Hey guys you guys may have seen that expensive training aid the Astra Shot trainer (which got a terrible review of 2 stars), well I saw it cost $60 and thought that wasn't exactly a fair price. Sooooo I went to a fabric store, got a couple yards of nylon strapping and some strap adjusters. Then, went to a Dick's Sporting Goods and got strong nylon cord and a small carabiner clip. And in roughly 2 days I whipped together a training device similar but better than the astra trainer and it only cost me $10 to make!
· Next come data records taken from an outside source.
(* The hypothesis says that the support function of the set of combinations
   sum_k a_k v_k with a_k in [lo k, hi k] dominates that of the point -c. *)
lemma zero_in_box_combination:
  fixes c :: "'a::euclidean_space" and v :: "'k \<Rightarrow> 'a"
  assumes "finite K" and "\<forall>k\<in>K. lo k \<le> hi k"
    and support: "\<forall>d. 0 \<le> c \<bullet> d + (\<Sum>k\<in>K. max (lo k * (v k \<bullet> d)) (hi k * (v k \<bullet> d)))"
  obtains a where "\<forall>k\<in>K. lo k \<le> a k \<and> a k \<le> hi k" and "c + (\<Sum>k\<in>K. a k *\<^sub>R v k) = 0"
proof -
  define B where "B = (\<Sum>k\<in>K. (\<lambda>t. t *\<^sub>R v k) ` {lo k..hi k})"
  have B_eq: "B = {\<Sum>k\<in>K. a k *\<^sub>R v k | a. \<forall>k\<in>K. lo k \<le> a k \<and> a k \<le> hi k}"
    unfolding B_def using \<open>finite K\<close> by (rule set_sum_scaleR_intervals)
  have "- c \<in> B"
  proof (rule ccontr)
    assume "- c \<notin> B"
    moreover have "convex B" unfolding B_def
      by (intro convex_set_sum convex_linear_image linear_scaleR_left convex_real_interval)
    moreover have "closed B" unfolding B_def
      by (intro compact_imp_closed compact_set_sum compact_continuous_image continuous_intros) auto
    ultimately obtain d b where db: "d \<bullet> (- c) < b" "\<forall>x\<in>B. b < d \<bullet> x"
      using separating_hyperplane_closed_point by blast
    define a where "a k = (if hi k * (v k \<bullet> d) \<le> lo k * (v k \<bullet> d) then hi k else lo k)" for k
    have "\<forall>k\<in>K. lo k \<le> a k \<and> a k \<le> hi k" using assms(2) by (simp add: a_def)
    then have "(\<Sum>k\<in>K. a k *\<^sub>R v k) \<in> B" unfolding B_eq by blast
    moreover have "(\<Sum>k\<in>K. a k *\<^sub>R v k) \<bullet> (- d)
        = (\<Sum>k\<in>K. max (lo k * (v k \<bullet> - d)) (hi k * (v k \<bullet> - d)))"
      unfolding inner_sum_left a_def by (intro sum.cong) (auto simp: max_def)
    ultimately show False using db support[rule_format, of "- d"] by (auto simp: inner_commute)
  qed
  then obtain a where "\<forall>k\<in>K. lo k \<le> a k \<and> a k \<le> hi k" and "- c = (\<Sum>k\<in>K. a k *\<^sub>R v k)"
    unfolding B_eq by blast
  then show thesis using that[of a] by (metis add.right_inverse)
qed

section \<open>The optimality condition\<close>

definition opt_cond_sum :: "('a::real_inner \<Rightarrow> real) \<Rightarrow> ('i + 'j \<Rightarrow> 'a \<Rightarrow> real) \<Rightarrow> ('i + 'j) set
     \<Rightarrow> real \<Rightarrow> 'a \<Rightarrow> ('i + 'j \<Rightarrow> real) \<Rightarrow> bool" where
  "opt_cond_sum f c K \<rho> x a \<longleftrightarrow>
     grad f x + \<rho> *\<^sub>R (\<Sum>k\<in>K. a k *\<^sub>R grad (c k) x) = 0 \<and>
     (\<forall>k\<in>K. subdiff_lo k (c k x) \<le> a k \<and> a k \<le> subdiff_hi k (c k x))"

lemma Ball_Plus: "(\<forall>k\<in>A <+> B. P k) \<longleftrightarrow> (\<forall>i\<in>A. P (Inl i)) \<and> (\<forall>j\<in>B. P (Inr j))"
  by auto

lemma penE_eq_sum_penalty:
  "penE f g r h s \<rho> x = f x + \<rho> * (\<Sum>k\<in>{..<r} <+> {..<s}. penalty k (case_sum g h k x))"
  by (simp add: penE_def sum.Plus o_def penalty_def distrib_left add.assoc)

lemma opt_cond_iff_opt_cond_sum:
  "opt_cond f g r h s \<rho> x sc tc \<longleftrightarrow>
     opt_cond_sum f (case_sum g h) ({..<r} <+> {..<s}) \<rho> x (case_sum sc tc)"
proof -
  have g: "(g i x < 0 \<longrightarrow> a = -1) \<and> (g i x = 0 \<longrightarrow> -1 \<le> a \<and> a \<le> 1) \<and> (g i x > 0 \<longrightarrow> a = 1)
      \<longleftrightarrow> subdiff_lo (Inl i) (g i x) \<le> a \<and> a \<le> subdiff_hi (Inl i) (g i x)" for i a
    by (auto simp: subdiff_lo_def subdiff_hi_def)
  have h: "(h j x < 0 \<longrightarrow> a = 0) \<and> (h j x = 0 \<longrightarrow> 0 \<le> a \<and> a \<le> 1) \<and> (h j x > 0 \<longrightarrow> a = 1)
      \<longleftrightarrow> subdiff_lo (Inr j) (h j x) \<le> a \<and> a \<le> subdiff_hi (Inr j) (h j x)" for j a
    by (auto simp: subdiff_lo_def subdiff_hi_def)
  show ?thesis
    unfolding opt_cond_def opt_cond_sum_def Ball_Plus sum.case g[symmetric] h[symmetric]
    by (simp add: sum.Plus o_def scaleR_add_right add.assoc Ball_def)
qed

lemma minimizer_dir_deriv_nonneg:
  fixes f :: "'a::real_inner \<Rightarrow> real" and c :: "'i + 'j \<Rightarrow> 'a \<Rightarrow> real"
  assumes df: "GDERIV f x :> grad f x" and dc: "\<forall>k\<in>K. GDERIV (c k) x :> grad (c k) x"
    and min: "is_minimizer (\<lambda>y. f y + \<rho> * (\<Sum>k\<in>K. penalty k (c k y))) x"
  shows "0 \<le> d \<bullet> grad f x + \<rho> * (\<Sum>k\<in>K. max (subdiff_lo k (c k x) * (d \<bullet> grad (c k) x))
                                             (subdiff_hi k (c k x) * (d \<bullet> grad (c k) x)))"
proof -
  let ?Q = "\<lambda>t. (f (x + t *\<^sub>R d) - f x) / t
                + \<rho> * (\<Sum>k\<in>K. (penalty k (c k (x + t *\<^sub>R d)) - penalty k (c k x)) / t)"
  have "eventually (\<lambda>t. 0 \<le> ?Q t) (at_right 0)"
    using eventually_at_right_less[of 0]
  proof eventually_elim
    case (elim t)
    have "0 \<le> (f (x + t *\<^sub>R d) + \<rho> * (\<Sum>k\<in>K. penalty k (c k (x + t *\<^sub>R d)))
               - (f x + \<rho> * (\<Sum>k\<in>K. penalty k (c k x)))) / t"
      using min elim unfolding is_minimizer_def by simp
    also have "\<dots> = ?Q t"
      using elim by (simp add: sum_divide_distrib[symmetric] sum_subtractf field_simps)
    finally show ?case .
  qed
  moreover have "(?Q \<longlongrightarrow> d \<bullet> grad f x + \<rho> * (\<Sum>k\<in>K. max (subdiff_lo k (c k x) * (d \<bullet> grad (c k) x))
                                                   (subdiff_hi k (c k x) * (d \<bullet> grad (c k) x))))
      (at_right 0)"
    using df dc
    by (intro tendsto_intros gderiv_tendsto_dir_quotient gderiv_tendsto_penalty_dir_quotient) auto
  ultimately show ?thesis by (intro tendsto_lowerbound) auto
qed

lemma minimizer_imp_opt_cond_sum:
  fixes f :: "'a::euclidean_space \<Rightarrow> real" and c :: "'i + 'j \<Rightarrow> 'a \<Rightarrow> real"
  assumes "finite K" and "0 < \<rho>"
    and "GDERIV f x :> grad f x" and "\<forall>k\<in>K. GDERIV (c k) x :> grad (c k) x"
    and "is_minimizer (\<lambda>y. f y + \<rho> * (\<Sum>k\<in>K. penalty k (c k y))) x"
  shows "\<exists>a. opt_cond_sum f c K \<rho> x a"
proof -
  let ?lo = "\<lambda>k. subdiff_lo k (c k x)" and ?hi = "\<lambda>k. subdiff_hi k (c k x)"
  have support: "\<forall>d. 0 \<le> ((1 / \<rho>) *\<^sub>R grad f x) \<bullet> d
            + (\<Sum>k\<in>K. max (?lo k * (grad (c k) x \<bullet> d)) (?hi k * (grad (c k) x \<bullet> d)))"
    using minimizer_dir_deriv_nonneg[OF assms(3-5)] \<open>0 < \<rho>\<close>
    by (simp add: inner_commute divide_simps algebra_simps)
  then obtain a where a: "\<forall>k\<in>K. ?lo k \<le> a k \<and> a k \<le> ?hi k"
    and "(1 / \<rho>) *\<^sub>R grad f x + (\<Sum>k\<in>K. a k *\<^sub>R grad (c k) x) = 0"
    using zero_in_box_combination[OF \<open>finite K\<close> _ support] subdiff_lo_le_hi by blast
  then have "\<rho> *\<^sub>R ((1 / \<rho>) *\<^sub>R grad f x + (\<Sum>k\<in>K. a k *\<^sub>R grad (c k) x)) = 0" by simp
  then have "grad f x + \<rho> *\<^sub>R (\<Sum>k\<in>K. a k *\<^sub>R grad (c k) x) = 0"
    using \<open>0 < \<rho>\<close> by (simp add: scaleR_add_right)
  with a show ?thesis unfolding opt_cond_sum_def by blast
qed

section \<open>Uniqueness and continuity of the coefficients\<close>

lemma independent_dual_vector:
  fixes V :: "'k \<Rightarrow> 'a::euclidean_space"
  assumes inj: "inj_on V A" and indep: "independent (V ` A)" and "l \<in> A"
  obtains e where "\<forall>k\<in>A. e \<bullet> V k = (if k = l then 1 else 0)"
proof -
  define W where "W = V ` A - {V l}"
  have "V l \<notin> span W"
    using indep \<open>l \<in> A\<close> unfolding W_def dependent_def by blast
  obtain y z where y: "y \<in> span W" and z: "\<And>w. w \<in> span W \<Longrightarrow> z \<bullet> w = 0" and "V l = y + z"
    using orthogonal_subspace_decomp_exists[of W "V l"] unfolding orthogonal_def by metis
  have "z \<noteq> 0" using \<open>V l \<notin> span W\<close> y \<open>V l = y + z\<close> by auto
  have "(z /\<^sub>R (z \<bullet> z)) \<bullet> V k = (if k = l then 1 else 0)" if "k \<in> A" for k
  proof (cases "k = l")
    case True
    then show ?thesis using z[OF y] \<open>V l = y + z\<close> \<open>z \<noteq> 0\<close> by (simp add: inner_add_right)
  next
    case False
    then have "V k \<in> span W"
      using inj \<open>k \<in> A\<close> \<open>l \<in> A\<close> unfolding W_def by (auto intro: span_base dest: inj_onD)
    then show ?thesis using z False by simp
  qed
  then show thesis using that by blast
qed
I'm still putting the final touches on the arm piece but when I'm completely finished I will post pictures of it here, have people test it at my range and if it's successful I will market it! 

~pictures coming soon


----------



## Dacer (Jun 10, 2013)

is yours made out of olefin fabric?


there is the form master too which is an older device that does the same
There is a DIY thread on here somewhere on how to make one. 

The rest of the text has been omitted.